» REQUIRED WORK: Please show all lines of the records that include "thesis".

[Stored data entries]
lemma gram_ratio_perturbation:
  fixes h m :: nat and g :: "nat \<Rightarrow> nat \<Rightarrow> real" and \<omega> d :: "nat \<Rightarrow> real"
  defines "M \<equiv> mat h m (\<lambda>(i,j). g i j)"
    and "N \<equiv> mat (h + 1) m (\<lambda>(i,j). if i < h then g i j else \<omega> j)"
  assumes d: "\<forall>j<m. d j \<ge> C * real m + 1" and A: "A \<in> carrier_mat m m"
    and A_bdd: "\<forall>j<m. \<forall>l<m. \<bar>A $$ (j,l)\<bar> \<le> C" and C: "C \<ge> 0"
    and det_M: "det (M * (diagm m d + A) * transpose_mat M) \<noteq> 0"
    and K: "\<And>c. \<forall>i<h. bilin m (diagm m d) (g i) (\<lambda>l. \<omega> l - (\<Sum>k<h. c k * g k l)) = 0 \<Longrightarrow>
      norm1 m (\<lambda>l. \<omega> l - (\<Sum>k<h. c k * g k l)) \<le> K"
  shows "\<bar>det (N * (diagm m d + A) * transpose_mat N) / det (M * (diagm m d + A) * transpose_mat M)
    - det (N * diagm m d * transpose_mat N) / det (M * diagm m d * transpose_mat M)\<bar>
    \<le> C * K * K + C * K * (real m * C * K)"
proof -
  have X: "diagm m d + A \<in> carrier_mat m m" using A diagm_carrier by simp
  have "\<forall>j<m. d j > 0"
  proof (intro allI impI)
    fix j assume "j < m"
    moreover have "0 \<le> C * real m" using C by simp
    ultimately show "d j > 0" using d by force
  qed
  hence det_D: "det (M * diagm m d * transpose_mat M) \<noteq> 0"
    unfolding M_def by (rule det_gram_diagm_nonzero[OF X det_M[unfolded M_def]])
  obtain a where orth_A: "\<forall>i<h. bilin m (diagm m d + A) (g i) (\<lambda>l. \<omega> l - (\<Sum>k<h. a k * g k l)) = 0"
    and ratio_A: "det (N * (diagm m d + A) * transpose_mat N) / det (M * (diagm m d + A) * transpose_mat M)
      = bilin m (diagm m d + A) (\<lambda>l. \<omega> l - (\<Sum>k<h. a k * g k l)) (\<lambda>l. \<omega> l - (\<Sum>k<h. a k * g k l))"
    using gram_ratio_eq_energy[OF X det_M[unfolded M_def]] unfolding M_def N_def by blast
  obtain b where orth_D: "\<forall>i<h. bilin m (diagm m d) (g i) (\<lambda>l. \<omega> l - (\<Sum>k<h. b k * g k l)) = 0"
    and ratio_D: "det (N * diagm m d * transpose_mat N) / det (M * diagm m d * transpose_mat M)
      = bilin m (diagm m d) (\<lambda>l. \<omega> l - (\<Sum>k<h. b k * g k l)) (\<lambda>l. \<omega> l - (\<Sum>k<h. b k * g k l))"
    using gram_ratio_eq_energy[OF diagm_carrier det_D[unfolded M_def]] unfolding M_def N_def by blast
  define x where "x = (\<lambda>l. \<omega> l - (\<Sum>k<h. b k * g k l))"
  define \<delta> where "\<delta> = (\<lambda>l. \<Sum>k<h. (b k - a k) * g k l)"
  have shift: "(\<lambda>l. \<omega> l - (\<Sum>k<h. a k * g k l)) = (\<lambda>l. x l + \<delta> l)"
    by (simp add: x_def \<delta>_def left_diff_distrib sum_subtractf)
  have orth_x: "\<forall>i<h. bilin m (diagm m d) (g i) x = 0" using orth_D unfolding x_def .
  have "norm1 m x \<le> K" unfolding x_def by (rule K[OF orth_D])
  from energy_perturbation[OF d A A_bdd C orth_A[unfolded shift] orth_x _ this, of "\<lambda>k. b k - a k"]
  show ?thesis unfolding ratio_A ratio_D shift by (simp add: x_def \<delta>_def)
qed

section \<open>Potential flows on a graph\<close>

lemma bdry_eq_sum_incidence:
  "bdry m hed tal x v = (\<Sum>j<m. x j * (of_bool (hed j = v) - of_bool (tal j = v)))"
  unfolding bdry_def by (intro sum.cong refl) auto

lemma bdry_diff: "bdry m hed tal (\<lambda>j. x j - x' j) v = bdry m hed tal x v - bdry m hed tal x' v"
  unfolding bdry_eq_sum_incidence by (simp add: sum_subtractf left_diff_distrib)

lemma bdry_sum:
  "bdry m hed tal (\<lambda>j. \<Sum>k<h. c k * g k j) v = (\<Sum>k<h. c k * bdry m hed tal (g k) v)"
  unfolding bdry_eq_sum_incidence
  by (simp add: sum_distrib_left sum_distrib_right mult.assoc sum.swap[of _ "{..<m}"])

lemma bdry_of_int: "bdry m hed tal (\<lambda>j. of_int (z j)) v = of_int (bdry m hed tal z v)"
  unfolding bdry_eq_sum_incidence by simp

lemma sum_bdry:
  assumes "finite R"
  shows "(\<Sum>v\<in>R. bdry m hed tal x v) = (\<Sum>j<m. x j * (of_bool (hed j \<in> R) - of_bool (tal j \<in> R)))"
proof -
  have "(\<Sum>v\<in>R. bdry m hed tal x v) = (\<Sum>j<m. \<Sum>v\<in>R. x j * (of_bool (hed j = v) - of_bool (tal j = v)))"
    unfolding bdry_eq_sum_incidence by (rule sum.swap)
  also have "\<dots> = (\<Sum>j<m. x j * (of_bool (hed j \<in> R) - of_bool (tal j \<in> R)))"
    using assms by (simp add: sum_distrib_left[symmetric] sum_subtractf of_bool_def sum.delta)
  finally show ?thesis .
qed

definition flow_edge :: "nat \<Rightarrow> (nat \<Rightarrow> nat) \<Rightarrow> (nat \<Rightarrow> nat) \<Rightarrow> (nat \<Rightarrow> real) \<Rightarrow> nat \<Rightarrow> nat \<Rightarrow> bool" where
  "flow_edge m hed tal x u w \<longleftrightarrow>
     (\<exists>j<m. (x j > 0 \<and> tal j = u \<and> hed j = w) \<or> (x j < 0 \<and> hed j = u \<and> tal j = w))"

lemma chain_extend_along_flow:
  fixes z :: "nat \<Rightarrow> int"
  assumes j: "j < m" and flow: "(x j > 0 \<and> tal j = u \<and> hed j = w) \<or> (x j < 0 \<and> hed j = u \<and> tal j = w)"
    and coherent: "\<forall>k. real_of_int (z k) * x k \<ge> 0"
  obtains z' :: "nat \<Rightarrow> int"
  where "\<forall>v. bdry m hed tal z' v = bdry m hed tal z v + of_bool (v = w) - of_bool (v = u)"
    and "real_of_int (z' j) * x j > 0"
    and "\<forall>k. real_of_int (z' k) * x k \<ge> 0"
proof
  define z' where "z' = (\<lambda>k. z k + (if k = j then (if x j > 0 then 1 else -1) else 0))"
  show "\<forall>v. bdry m hed tal z' v = bdry m hed tal z v + of_bool (v = w) - of_bool (v = u)"
  proof
    fix v
    have "bdry m hed tal z' v = bdry m hed tal z v
        + (\<Sum>k<m. if k = j then (if x j > 0 then 1 else -1) * (of_bool (hed k = v) - of_bool (tal k = v)) else 0)"
      unfolding bdry_eq_sum_incidence z'_def sum.distrib[symmetric]
      by (intro sum.cong refl) (auto simp: algebra_simps)
    thus "bdry m hed tal z' v = bdry m hed tal z v + of_bool (v = w) - of_bool (v = u)"
      using j flow by (auto simp: sum.delta)
  qed
  have "real_of_int (z' j) * x j = real_of_int (z j) * x j + \<bar>x j\<bar>"
    using flow by (auto simp: z'_def distrib_right)
  moreover have "x j \<noteq> 0" using flow by auto
  ultimately show pos: "real_of_int (z' j) * x j > 0" using coherent[rule_format, of j] by simp
  show "\<forall>k. real_of_int (z' k) * x k \<ge> 0"
    using coherent pos by (auto simp: z'_def less_imp_le)
qed

lemma flow_path_chain:
  assumes "(flow_edge m hed tal x)\<^sup>*\<^sup>* a b"
  shows "\<exists>z::nat \<Rightarrow> int. (\<forall>v. bdry m hed tal z v = of_bool (v = b) - of_bool (v = a))
    \<and> (\<forall>k. real_of_int (z k) * x k \<ge> 0)"
  using assms
proof (induction rule: rtranclp_induct)
  case base
  show ?case by (rule exI[of _ "\<lambda>_. 0"]) (simp add: bdry_def)
next
  case (step b c)
  obtain z where z: "\<forall>v. bdry m hed tal z v = of_bool (v = b) - of_bool (v = a)"
    and coherent: "\<forall>k. real_of_int (z k) * x k \<ge> 0"
    using step.IH by blast
  obtain j where j: "j < m" and flow: "(x j > 0 \<and> tal j = b \<and> hed j = c) \<or> (x j < 0 \<and> hed j = b \<and> tal j = c)"
    using step.hyps(2) unfolding flow_edge_def by blast
  obtain z' :: "nat \<Rightarrow> int" where "\<forall>v. bdry m hed tal z' v = bdry m hed tal z v + of_bool (v = c) - of_bool (v = b)"
    and "\<forall>k. real_of_int (z' k) * x k \<ge> 0"
    using chain_extend_along_flow[where hed = hed and tal = tal, OF j flow coherent] by blast
  thus ?case using z by (intro exI[of _ z']) auto
qed

lemma flow_edge_acyclic:
  assumes orth: "\<forall>z. is_cycle n m hed tal z \<longrightarrow> (\<Sum>j<m. y j * x j * real_of_int (z j)) = 0"
    and y_pos: "\<forall>j<m. y j > 0" and edge: "flow_edge m hed tal x u w"
  shows "\<not> (flow_edge m hed tal x)\<^sup>*\<^sup>* w u"
  \<comment> \<open>A directed cycle of the flow is an integer cycle pairing strictly positively with Y x.\<close>
proof
  assume "(flow_edge m hed tal x)\<^sup>*\<^sup>* w u"
  then obtain z where z: "\<forall>v. bdry m hed tal z v = of_bool (v = u) - of_bool (v = w)"
    and coherent: "\<forall>k. real_of_int (z k) * x k \<ge> 0"
    using flow_path_chain by blast
  obtain j where j: "j < m" and flow: "(x j > 0 \<and> tal j = u \<and> hed j = w) \<or> (x j < 0 \<and> hed j = u \<and> tal j = w)"
    using edge unfolding flow_edge_def by blast
  obtain z' :: "nat \<Rightarrow> int" where bdry_z': "\<forall>v. bdry m hed tal z' v = bdry m hed tal z v + of_bool (v = w) - of_bool (v = u)"
    and pos: "real_of_int (z' j) * x j > 0" and coherent': "\<forall>k. real_of_int (z' k) * x k \<ge> 0"
    using chain_extend_along_flow[where hed = hed and tal = tal, OF j flow coherent] by blast
  have "is_cycle n m hed tal z'" unfolding is_cycle_def using bdry_z' z by simp
  hence "(\<Sum>k<m. y k * x k * real_of_int (z' k)) = 0" using orth by blast
  moreover have "(\<Sum>k<m. y k * x k * real_of_int (z' k)) > 0"
  proof (rule sum_pos2)
    show "0 < y j * x j * real_of_int (z' j)"
      using pos y_pos j by (metis mult.assoc mult.commute mult_pos_pos)
    show "0 \<le> y k * x k * real_of_int (z' k)" if "k \<in> {..<m}" for k
      using coherent' y_pos that by (metis lessThan_iff mult.assoc mult.commute mult_nonneg_nonneg less_imp_le)
  qed (use j in auto)
  ultimately show False by simp
qed

lemma flow_closed_set_outflow_nonneg:
  assumes edges: "\<forall>j<m. hed j < n \<and> tal j < n" and j: "j < m"
    and closed: "\<And>u w. u \<in> R \<Longrightarrow> flow_edge m hed tal x u w \<Longrightarrow> w < n \<Longrightarrow> w \<in> R"
  shows "x j * (of_bool (hed j \<in> R) - of_bool (tal j \<in> R)) \<ge> 0"
proof -
  have ends: "hed j < n" "tal j < n" using edges j by auto
  consider "x j > 0" | "x j < 0" | "x j = 0" by linarith
  thus ?thesis
  proof cases
    case 1
    hence "flow_edge m hed tal x (tal j) (hed j)" using j unfolding flow_edge_def by blast
    hence "tal j \<in> R \<Longrightarrow> hed j \<in> R" using closed ends by blast
    thus ?thesis using 1 by (cases "tal j \<in> R") auto
  next
    case 2
    hence "flow_edge m hed tal x (hed j) (tal j)" using j unfolding flow_edge_def by blast
    hence "hed j \<in> R \<Longrightarrow> tal j \<in> R" using closed ends by blast
    thus ?thesis using 2 by (cases "hed j \<in> R") (auto simp: mult_le_0_iff)
  qed simp
qed

lemma potential_flow_bound:
  fixes x y p :: "nat \<Rightarrow> real"
  assumes edges: "\<forall>j<m. hed j < n \<and> tal j < n"
    and orth: "\<forall>z. is_cycle n m hed tal z \<longrightarrow> (\<Sum>j<m. y j * x j * real_of_int (z j)) = 0"
    and y_pos: "\<forall>j<m. y j > 0" and bd: "\<forall>v<n. bdry m hed tal x v = p v" and e: "e < m"
  shows "\<bar>x e\<bar> \<le> (\<Sum>v<n. \<bar>p v\<bar>)"
proof (cases "x e = 0")
  case True
  thus ?thesis by (simp add: sum_nonneg)
next
  case False
  define a where "a = (if x e > 0 then tal e else hed e)"
  define b where "b = (if x e > 0 then hed e else tal e)"
  have "flow_edge m hed tal x a b"
    using False e unfolding flow_edge_def a_def b_def by (cases "x e > 0") auto
  hence no_return: "\<not> (flow_edge m hed tal x)\<^sup>*\<^sup>* b a" by (rule flow_edge_acyclic[OF orth y_pos])
  \<comment> \<open>Flow only leaves R, and e leaves it, so |x e| is at most the net outflow of R, the sum of p over R.\<close>
  define R where "R = {v. v < n \<and> (flow_edge m hed tal x)\<^sup>*\<^sup>* b v}"
  have "b < n" using e edges unfolding b_def by simp
  hence b_R: "b \<in> R" unfolding R_def by simp
  have a_R: "a \<notin> R" using no_return unfolding R_def by simp
  have closed: "\<And>u w. u \<in> R \<Longrightarrow> flow_edge m hed tal x u w \<Longrightarrow> w < n \<Longrightarrow> w \<in> R"
    using rtranclp.rtrancl_into_rtrancl[of "flow_edge m hed tal x" b] unfolding R_def by blast
  define t where "t j = x j * (of_bool (hed j \<in> R) - of_bool (tal j \<in> R))" for j
  have t_nonneg: "t j \<ge> 0" if "j < m" for j
    unfolding t_def by (rule flow_closed_set_outflow_nonneg[OF edges that closed])
  have "\<bar>x e\<bar> = t e" using False b_R a_R unfolding t_def a_def b_def by (cases "x e > 0") simp_all
  also have "\<dots> \<le> (\<Sum>j<m. t j)" by (rule member_le_sum) (use e t_nonneg in auto)
  also have "\<dots> = (\<Sum>v\<in>R. bdry m hed tal x v)" unfolding t_def by (rule sum_bdry[symmetric]) (simp add: R_def)
  also have "\<dots> = (\<Sum>v\<in>R. p v)" using bd by (intro sum.cong refl) (simp add: R_def)
  also have "\<dots> \<le> (\<Sum>v\<in>R. \<bar>p v\<bar>)" by (rule sum_mono) simp
  also have "\<dots> \<le> (\<Sum>v<n. \<bar>p v\<bar>)" by (rule sum_mono2) (auto simp: R_def)
  finally show ?thesis .
qed

lemma cycle_orthogonal_if_basis_orthogonal:
  assumes basis: "is_H1_basis n m hed tal h \<gamma>"
    and orth: "\<forall>i<h. (\<Sum>j<m. w j * real_of_int (\<gamma> i j)) = 0"
  shows "\<forall>z. is_cycle n m hed tal z \<longrightarrow> (\<Sum>j<m. w j * real_of_int (z j)) = 0"
proof (intro allI impI)
  fix z assume "is_cycle n m hed tal z"
  then obtain c :: "nat \<Rightarrow> int" where c: "\<forall>j<m. z j = (\<Sum>i<h. c i * \<gamma> i j)"
    using basis unfolding is_H1_basis_def by blast
  have "(\<Sum>j<m. w j * real_of_int (z j)) = (\<Sum>j<m. \<Sum>i<h. real_of_int (c i) * (w j * real_of_int (\<gamma> i j)))"
    using c by (intro sum.cong refl) (simp add: sum_distrib_left mult_ac)
  also have "\<dots> = (\<Sum>i<h. real_of_int (c i) * (\<Sum>j<m. w j * real_of_int (\<gamma> i j)))"
    by (subst sum.swap) (simp add: sum_distrib_left)
  also have "\<dots> = 0" using orth by simp
  finally show "(\<Sum>j<m. w j * real_of_int (z j)) = 0" .
qed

» EXERCISE OUTPUT:
  show ?thesis unfolding ratio_A ratio_D shift by (simp add: x_def \<delta>_def)
  finally show ?thesis .
  thus ?thesis
    thus ?thesis using 1 by (cases "tal j \<in> R") auto
    thus ?thesis using 2 by (cases "hed j \<in> R") (auto simp: mult_le_0_iff)
  thus ?thesis by (simp add: sum_nonneg)
  finally show ?thesis .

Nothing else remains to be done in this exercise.